EXERCISE INPUT
════════════════
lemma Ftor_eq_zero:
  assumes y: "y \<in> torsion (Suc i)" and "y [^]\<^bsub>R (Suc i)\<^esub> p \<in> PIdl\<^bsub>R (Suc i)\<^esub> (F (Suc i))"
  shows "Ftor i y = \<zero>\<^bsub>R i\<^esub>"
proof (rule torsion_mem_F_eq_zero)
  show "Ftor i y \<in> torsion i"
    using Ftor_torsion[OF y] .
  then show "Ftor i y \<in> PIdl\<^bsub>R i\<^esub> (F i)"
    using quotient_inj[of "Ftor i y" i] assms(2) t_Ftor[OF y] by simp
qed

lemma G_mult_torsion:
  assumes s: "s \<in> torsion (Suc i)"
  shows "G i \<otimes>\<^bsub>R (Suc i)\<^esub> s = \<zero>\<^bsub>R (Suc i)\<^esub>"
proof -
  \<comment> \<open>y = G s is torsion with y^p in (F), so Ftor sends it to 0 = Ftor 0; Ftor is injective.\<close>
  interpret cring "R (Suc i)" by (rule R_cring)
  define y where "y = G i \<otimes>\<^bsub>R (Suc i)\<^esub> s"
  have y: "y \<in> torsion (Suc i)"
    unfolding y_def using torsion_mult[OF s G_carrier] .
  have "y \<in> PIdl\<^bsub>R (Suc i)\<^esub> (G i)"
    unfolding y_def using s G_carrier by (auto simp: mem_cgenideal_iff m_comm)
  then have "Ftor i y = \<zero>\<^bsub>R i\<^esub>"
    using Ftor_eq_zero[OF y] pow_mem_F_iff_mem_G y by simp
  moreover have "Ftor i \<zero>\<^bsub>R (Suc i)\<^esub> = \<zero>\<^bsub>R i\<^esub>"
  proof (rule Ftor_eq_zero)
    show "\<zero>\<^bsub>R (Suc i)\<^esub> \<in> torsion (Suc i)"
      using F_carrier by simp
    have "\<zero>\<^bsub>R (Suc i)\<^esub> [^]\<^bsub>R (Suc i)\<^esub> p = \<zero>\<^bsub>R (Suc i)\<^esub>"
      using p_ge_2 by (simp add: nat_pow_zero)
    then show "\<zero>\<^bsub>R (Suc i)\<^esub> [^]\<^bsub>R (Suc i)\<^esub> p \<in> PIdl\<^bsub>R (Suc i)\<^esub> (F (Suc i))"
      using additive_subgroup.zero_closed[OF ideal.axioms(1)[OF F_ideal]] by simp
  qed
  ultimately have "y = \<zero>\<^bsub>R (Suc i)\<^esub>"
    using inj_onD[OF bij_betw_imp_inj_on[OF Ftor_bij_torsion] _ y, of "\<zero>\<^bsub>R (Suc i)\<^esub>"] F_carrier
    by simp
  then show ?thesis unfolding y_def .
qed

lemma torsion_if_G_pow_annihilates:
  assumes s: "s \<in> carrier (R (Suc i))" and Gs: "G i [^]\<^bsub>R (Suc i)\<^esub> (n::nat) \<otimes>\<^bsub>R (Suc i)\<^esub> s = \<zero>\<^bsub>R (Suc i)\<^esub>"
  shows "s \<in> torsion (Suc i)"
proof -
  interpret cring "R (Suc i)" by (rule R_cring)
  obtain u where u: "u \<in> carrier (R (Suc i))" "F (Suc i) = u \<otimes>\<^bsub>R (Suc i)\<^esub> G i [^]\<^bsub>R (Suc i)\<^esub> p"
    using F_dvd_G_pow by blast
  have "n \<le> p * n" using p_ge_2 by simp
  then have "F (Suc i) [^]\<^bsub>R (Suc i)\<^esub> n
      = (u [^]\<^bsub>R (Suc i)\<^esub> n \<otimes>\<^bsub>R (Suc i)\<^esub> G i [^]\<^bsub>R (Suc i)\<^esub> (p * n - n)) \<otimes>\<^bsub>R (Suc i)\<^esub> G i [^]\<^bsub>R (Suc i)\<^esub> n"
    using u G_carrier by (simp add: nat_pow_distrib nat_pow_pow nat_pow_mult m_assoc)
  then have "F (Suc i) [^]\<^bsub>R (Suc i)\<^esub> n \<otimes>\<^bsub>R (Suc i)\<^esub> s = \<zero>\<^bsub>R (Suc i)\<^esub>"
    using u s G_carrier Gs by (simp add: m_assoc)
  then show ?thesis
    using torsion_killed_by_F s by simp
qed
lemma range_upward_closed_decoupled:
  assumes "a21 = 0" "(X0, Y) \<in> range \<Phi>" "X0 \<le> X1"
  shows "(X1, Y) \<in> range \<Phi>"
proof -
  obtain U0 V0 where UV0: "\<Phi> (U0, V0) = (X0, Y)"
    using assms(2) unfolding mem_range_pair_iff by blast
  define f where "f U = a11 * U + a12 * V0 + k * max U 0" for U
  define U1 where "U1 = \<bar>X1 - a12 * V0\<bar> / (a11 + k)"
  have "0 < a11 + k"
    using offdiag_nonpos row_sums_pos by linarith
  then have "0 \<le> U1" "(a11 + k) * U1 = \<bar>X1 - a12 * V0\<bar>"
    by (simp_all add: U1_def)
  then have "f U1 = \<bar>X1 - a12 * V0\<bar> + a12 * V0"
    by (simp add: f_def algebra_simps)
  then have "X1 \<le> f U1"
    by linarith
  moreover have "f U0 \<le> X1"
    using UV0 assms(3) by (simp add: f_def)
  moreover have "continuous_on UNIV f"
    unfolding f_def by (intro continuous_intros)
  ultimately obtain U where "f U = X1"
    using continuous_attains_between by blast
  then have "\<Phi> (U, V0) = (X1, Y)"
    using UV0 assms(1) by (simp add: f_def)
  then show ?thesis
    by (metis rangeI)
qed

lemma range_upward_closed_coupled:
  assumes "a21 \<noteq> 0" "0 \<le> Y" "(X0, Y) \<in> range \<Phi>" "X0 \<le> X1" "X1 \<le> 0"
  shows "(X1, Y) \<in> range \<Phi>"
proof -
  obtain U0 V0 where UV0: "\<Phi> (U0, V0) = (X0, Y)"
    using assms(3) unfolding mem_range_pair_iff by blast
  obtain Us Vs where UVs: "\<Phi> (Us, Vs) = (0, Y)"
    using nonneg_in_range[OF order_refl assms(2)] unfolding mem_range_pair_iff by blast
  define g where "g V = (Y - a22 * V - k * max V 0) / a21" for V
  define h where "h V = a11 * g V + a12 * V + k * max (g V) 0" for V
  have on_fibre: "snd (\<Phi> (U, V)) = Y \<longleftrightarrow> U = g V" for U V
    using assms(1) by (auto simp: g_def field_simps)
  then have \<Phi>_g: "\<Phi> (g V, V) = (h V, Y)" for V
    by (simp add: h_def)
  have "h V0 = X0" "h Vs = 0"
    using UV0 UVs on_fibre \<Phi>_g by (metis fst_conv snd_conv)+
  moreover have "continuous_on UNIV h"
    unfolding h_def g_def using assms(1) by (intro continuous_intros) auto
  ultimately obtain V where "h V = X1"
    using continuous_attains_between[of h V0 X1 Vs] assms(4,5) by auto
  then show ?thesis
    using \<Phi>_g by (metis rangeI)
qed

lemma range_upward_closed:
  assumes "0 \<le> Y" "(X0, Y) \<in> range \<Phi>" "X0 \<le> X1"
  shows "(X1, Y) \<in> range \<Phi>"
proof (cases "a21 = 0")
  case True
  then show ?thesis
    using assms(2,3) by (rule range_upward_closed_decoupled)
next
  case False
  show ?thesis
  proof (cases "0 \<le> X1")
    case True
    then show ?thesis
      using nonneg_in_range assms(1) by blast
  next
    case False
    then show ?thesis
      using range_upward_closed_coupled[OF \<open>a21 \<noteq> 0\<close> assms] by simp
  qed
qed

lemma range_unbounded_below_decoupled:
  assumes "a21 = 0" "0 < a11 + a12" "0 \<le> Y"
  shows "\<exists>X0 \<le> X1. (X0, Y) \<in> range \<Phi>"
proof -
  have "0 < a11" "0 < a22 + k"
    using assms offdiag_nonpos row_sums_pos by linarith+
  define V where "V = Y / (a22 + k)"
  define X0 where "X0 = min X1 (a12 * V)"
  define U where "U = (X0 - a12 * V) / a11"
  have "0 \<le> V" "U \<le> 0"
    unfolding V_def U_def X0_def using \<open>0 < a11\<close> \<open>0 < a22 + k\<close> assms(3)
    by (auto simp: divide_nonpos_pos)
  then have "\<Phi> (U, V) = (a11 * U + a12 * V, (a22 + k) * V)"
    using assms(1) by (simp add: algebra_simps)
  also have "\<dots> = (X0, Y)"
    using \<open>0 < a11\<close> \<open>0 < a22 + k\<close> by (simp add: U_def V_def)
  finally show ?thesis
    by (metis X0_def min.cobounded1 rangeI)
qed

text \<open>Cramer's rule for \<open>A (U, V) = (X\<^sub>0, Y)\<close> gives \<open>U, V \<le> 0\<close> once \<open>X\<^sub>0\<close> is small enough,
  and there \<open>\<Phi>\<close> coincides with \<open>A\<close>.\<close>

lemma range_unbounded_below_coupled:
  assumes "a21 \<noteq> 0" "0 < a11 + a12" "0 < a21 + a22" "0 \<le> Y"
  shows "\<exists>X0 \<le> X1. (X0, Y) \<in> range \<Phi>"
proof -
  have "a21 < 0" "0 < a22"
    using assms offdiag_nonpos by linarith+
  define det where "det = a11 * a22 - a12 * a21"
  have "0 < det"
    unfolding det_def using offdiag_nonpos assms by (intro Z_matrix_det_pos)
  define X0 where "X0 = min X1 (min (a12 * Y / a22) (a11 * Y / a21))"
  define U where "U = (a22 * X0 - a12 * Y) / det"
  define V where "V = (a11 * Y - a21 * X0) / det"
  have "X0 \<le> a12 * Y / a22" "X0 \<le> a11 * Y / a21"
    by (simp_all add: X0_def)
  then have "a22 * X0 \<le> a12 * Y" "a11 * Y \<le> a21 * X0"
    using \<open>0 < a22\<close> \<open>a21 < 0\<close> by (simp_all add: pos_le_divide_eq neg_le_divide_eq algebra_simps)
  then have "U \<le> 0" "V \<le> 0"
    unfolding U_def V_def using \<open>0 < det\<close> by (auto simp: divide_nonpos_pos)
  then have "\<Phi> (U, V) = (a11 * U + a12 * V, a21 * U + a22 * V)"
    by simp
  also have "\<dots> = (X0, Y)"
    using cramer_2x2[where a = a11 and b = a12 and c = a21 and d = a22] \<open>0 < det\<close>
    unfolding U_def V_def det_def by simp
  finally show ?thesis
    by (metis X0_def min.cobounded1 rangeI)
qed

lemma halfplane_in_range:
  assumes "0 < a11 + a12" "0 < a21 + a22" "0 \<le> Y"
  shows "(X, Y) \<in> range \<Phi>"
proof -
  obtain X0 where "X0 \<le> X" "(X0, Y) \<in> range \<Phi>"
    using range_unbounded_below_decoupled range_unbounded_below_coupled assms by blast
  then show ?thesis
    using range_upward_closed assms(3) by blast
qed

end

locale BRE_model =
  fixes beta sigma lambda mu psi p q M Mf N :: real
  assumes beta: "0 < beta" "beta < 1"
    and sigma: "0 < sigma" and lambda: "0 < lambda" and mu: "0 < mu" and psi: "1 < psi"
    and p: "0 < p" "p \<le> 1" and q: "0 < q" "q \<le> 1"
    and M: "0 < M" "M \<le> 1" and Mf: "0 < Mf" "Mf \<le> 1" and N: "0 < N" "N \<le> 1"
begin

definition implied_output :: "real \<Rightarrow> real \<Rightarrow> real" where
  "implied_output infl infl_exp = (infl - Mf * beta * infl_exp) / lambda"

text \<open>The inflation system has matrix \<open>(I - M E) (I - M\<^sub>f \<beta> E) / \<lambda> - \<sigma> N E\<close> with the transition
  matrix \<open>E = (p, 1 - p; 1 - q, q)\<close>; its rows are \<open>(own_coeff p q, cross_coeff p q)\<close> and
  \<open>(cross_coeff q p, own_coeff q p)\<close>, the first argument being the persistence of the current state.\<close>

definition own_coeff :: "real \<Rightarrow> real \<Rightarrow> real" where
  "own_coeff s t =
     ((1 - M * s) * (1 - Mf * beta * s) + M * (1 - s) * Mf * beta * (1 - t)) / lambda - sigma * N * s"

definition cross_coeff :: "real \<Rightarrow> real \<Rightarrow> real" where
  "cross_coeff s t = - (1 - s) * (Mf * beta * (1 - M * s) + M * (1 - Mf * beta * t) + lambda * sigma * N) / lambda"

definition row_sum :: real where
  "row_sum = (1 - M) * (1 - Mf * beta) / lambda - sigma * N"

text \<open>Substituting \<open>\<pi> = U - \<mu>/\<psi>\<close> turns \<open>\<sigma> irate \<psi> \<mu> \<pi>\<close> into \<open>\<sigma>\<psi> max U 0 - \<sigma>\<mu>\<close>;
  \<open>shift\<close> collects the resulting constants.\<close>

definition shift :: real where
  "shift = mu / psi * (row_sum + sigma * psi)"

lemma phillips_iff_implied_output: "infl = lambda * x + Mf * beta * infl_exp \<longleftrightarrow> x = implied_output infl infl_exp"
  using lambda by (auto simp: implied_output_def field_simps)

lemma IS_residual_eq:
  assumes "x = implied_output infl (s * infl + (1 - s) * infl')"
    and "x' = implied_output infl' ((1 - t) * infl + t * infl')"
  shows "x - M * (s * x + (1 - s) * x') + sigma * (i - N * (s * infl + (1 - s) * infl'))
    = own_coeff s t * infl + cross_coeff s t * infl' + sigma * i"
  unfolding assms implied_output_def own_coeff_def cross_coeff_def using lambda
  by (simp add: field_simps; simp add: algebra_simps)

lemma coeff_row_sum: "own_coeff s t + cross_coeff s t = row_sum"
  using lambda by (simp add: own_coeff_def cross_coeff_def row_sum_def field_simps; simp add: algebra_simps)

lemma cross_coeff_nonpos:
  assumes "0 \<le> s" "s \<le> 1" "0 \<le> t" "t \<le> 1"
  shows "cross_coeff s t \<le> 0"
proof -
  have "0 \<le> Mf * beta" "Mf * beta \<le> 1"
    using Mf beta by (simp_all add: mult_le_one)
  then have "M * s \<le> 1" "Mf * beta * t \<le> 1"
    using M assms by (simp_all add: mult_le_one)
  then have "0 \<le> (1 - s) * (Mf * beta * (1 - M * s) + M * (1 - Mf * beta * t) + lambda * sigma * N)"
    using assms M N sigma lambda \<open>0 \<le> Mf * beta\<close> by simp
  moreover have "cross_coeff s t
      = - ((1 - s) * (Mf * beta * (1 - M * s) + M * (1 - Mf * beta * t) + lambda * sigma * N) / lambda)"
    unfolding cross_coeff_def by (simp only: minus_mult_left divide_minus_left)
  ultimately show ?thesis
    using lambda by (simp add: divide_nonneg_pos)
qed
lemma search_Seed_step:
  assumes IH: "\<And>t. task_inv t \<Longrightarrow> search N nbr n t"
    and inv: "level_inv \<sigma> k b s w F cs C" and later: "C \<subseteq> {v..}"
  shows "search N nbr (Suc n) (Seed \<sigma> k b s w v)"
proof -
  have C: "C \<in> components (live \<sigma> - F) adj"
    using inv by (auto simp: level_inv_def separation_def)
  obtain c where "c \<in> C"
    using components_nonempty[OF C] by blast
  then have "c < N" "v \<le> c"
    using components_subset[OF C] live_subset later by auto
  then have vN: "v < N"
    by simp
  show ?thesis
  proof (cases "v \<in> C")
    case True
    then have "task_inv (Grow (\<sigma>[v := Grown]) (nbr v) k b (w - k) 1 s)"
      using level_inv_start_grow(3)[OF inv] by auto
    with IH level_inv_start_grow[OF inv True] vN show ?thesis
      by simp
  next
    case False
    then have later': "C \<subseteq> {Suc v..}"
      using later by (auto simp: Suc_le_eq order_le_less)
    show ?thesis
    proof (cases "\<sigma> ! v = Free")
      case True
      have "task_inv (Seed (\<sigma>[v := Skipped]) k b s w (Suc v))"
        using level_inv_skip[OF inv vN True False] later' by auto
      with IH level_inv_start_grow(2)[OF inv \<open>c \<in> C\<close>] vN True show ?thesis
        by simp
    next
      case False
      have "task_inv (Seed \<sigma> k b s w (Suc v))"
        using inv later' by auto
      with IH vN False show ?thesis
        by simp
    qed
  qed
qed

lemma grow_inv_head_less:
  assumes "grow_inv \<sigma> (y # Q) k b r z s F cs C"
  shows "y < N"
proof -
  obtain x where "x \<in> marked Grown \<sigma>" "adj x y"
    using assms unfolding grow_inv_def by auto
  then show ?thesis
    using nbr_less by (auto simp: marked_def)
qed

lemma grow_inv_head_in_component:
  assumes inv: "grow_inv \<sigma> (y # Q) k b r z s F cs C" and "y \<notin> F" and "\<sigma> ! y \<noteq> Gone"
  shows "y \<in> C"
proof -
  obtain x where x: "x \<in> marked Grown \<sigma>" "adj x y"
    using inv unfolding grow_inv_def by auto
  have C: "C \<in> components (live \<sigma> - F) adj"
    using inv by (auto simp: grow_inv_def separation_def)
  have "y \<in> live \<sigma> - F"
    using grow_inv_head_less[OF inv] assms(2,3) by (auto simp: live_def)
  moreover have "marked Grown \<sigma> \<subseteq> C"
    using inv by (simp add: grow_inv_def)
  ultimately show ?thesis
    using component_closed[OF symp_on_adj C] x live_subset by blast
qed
════════════════
AIM OF THE TASK
From the opening line of the data above through the line holding "i y \<in> torsion", give every line again exactly as it stands.

EXERCISE SOLUTION
lemma Ftor_eq_zero:
  assumes y: "y \<in> torsion (Suc i)" and "y [^]\<^bsub>R (Suc i)\<^esub> p \<in> PIdl\<^bsub>R (Suc i)\<^esub> (F (Suc i))"
  shows "Ftor i y = \<zero>\<^bsub>R i\<^esub>"
proof (rule torsion_mem_F_eq_zero)
  show "Ftor i y \<in> torsion i"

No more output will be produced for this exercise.